> Assignment: From the records below, copy each line that has the word "trig" in it.

> Data supplied:
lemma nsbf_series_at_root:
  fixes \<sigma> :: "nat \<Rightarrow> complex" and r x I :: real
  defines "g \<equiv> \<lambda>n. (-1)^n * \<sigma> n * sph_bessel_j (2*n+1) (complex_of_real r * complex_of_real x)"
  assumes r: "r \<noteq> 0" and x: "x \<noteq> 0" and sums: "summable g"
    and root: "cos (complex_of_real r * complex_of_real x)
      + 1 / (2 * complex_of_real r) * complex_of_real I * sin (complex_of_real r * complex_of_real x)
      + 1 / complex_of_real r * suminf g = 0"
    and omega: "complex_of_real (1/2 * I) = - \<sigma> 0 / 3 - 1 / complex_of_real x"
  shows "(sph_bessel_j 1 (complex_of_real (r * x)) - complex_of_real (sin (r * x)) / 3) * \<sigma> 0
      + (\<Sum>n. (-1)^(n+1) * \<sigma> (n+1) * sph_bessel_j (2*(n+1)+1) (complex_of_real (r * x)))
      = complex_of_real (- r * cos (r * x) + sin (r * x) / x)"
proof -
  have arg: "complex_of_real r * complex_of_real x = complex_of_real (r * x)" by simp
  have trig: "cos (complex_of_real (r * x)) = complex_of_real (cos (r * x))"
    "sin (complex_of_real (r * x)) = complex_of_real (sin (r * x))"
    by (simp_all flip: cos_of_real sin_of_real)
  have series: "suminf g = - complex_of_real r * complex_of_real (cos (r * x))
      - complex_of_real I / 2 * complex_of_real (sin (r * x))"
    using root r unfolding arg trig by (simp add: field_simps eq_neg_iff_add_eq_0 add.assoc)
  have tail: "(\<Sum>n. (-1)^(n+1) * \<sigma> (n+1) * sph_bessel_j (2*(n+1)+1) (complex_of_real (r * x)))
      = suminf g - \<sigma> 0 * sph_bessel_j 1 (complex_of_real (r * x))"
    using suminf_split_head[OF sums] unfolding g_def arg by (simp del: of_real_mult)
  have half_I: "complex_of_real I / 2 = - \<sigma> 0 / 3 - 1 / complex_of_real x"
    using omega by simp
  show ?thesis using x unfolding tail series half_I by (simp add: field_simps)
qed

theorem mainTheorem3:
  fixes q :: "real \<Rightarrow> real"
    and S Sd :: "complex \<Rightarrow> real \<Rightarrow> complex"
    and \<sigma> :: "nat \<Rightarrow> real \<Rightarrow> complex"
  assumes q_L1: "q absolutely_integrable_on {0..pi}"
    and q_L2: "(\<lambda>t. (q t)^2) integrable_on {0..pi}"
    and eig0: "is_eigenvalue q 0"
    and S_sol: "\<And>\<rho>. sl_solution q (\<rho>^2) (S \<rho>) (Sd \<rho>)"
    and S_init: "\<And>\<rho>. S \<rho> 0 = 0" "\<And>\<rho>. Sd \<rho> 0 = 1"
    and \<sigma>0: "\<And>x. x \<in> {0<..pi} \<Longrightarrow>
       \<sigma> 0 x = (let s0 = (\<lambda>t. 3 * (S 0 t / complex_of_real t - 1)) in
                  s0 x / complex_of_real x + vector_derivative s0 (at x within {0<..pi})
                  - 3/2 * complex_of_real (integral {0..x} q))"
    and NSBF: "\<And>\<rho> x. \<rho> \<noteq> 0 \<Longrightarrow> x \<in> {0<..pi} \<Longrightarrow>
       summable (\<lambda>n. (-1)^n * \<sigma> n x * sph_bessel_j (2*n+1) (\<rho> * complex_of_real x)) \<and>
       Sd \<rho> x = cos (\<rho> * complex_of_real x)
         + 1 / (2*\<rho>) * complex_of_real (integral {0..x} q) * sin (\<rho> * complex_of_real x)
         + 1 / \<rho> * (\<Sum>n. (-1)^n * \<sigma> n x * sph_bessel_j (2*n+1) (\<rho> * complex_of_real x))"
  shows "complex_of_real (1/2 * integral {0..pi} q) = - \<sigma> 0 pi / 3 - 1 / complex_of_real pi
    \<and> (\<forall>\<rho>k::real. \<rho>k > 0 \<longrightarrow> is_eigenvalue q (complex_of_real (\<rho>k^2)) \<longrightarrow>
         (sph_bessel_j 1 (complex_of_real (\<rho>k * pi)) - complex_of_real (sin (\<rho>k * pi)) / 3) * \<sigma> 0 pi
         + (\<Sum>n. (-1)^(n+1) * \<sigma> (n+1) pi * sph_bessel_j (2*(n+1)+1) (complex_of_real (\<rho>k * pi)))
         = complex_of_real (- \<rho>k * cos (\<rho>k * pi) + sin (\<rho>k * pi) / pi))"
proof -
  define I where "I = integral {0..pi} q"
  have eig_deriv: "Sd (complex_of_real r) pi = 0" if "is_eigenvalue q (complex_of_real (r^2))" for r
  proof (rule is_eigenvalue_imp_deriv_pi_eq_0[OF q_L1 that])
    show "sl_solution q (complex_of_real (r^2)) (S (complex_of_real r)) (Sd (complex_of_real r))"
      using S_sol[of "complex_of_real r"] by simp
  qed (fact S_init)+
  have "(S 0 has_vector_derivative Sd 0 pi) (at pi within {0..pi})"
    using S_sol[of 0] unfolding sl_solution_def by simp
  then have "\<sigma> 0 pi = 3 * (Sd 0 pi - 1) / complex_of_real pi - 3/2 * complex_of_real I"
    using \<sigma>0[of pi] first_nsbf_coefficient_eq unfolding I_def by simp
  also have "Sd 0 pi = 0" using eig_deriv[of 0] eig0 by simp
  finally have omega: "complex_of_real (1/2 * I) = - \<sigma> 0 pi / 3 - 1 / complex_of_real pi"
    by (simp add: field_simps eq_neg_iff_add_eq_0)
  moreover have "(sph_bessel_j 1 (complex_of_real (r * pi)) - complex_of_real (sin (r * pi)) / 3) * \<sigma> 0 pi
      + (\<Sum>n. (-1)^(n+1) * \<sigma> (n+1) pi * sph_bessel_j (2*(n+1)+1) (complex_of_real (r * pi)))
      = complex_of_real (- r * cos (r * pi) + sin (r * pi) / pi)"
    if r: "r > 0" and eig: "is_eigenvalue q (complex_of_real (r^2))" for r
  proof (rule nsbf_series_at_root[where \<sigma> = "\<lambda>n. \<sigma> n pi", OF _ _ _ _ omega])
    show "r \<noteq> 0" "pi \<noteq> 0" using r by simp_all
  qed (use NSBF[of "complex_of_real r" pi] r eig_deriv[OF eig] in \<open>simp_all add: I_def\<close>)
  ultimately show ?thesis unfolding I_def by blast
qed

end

> Your solution:
  have trig: "cos (complex_of_real (r * x)) = complex_of_real (cos (r * x))"
    using root r unfolding arg trig by (simp add: field_simps eq_neg_iff_add_eq_0 add.assoc)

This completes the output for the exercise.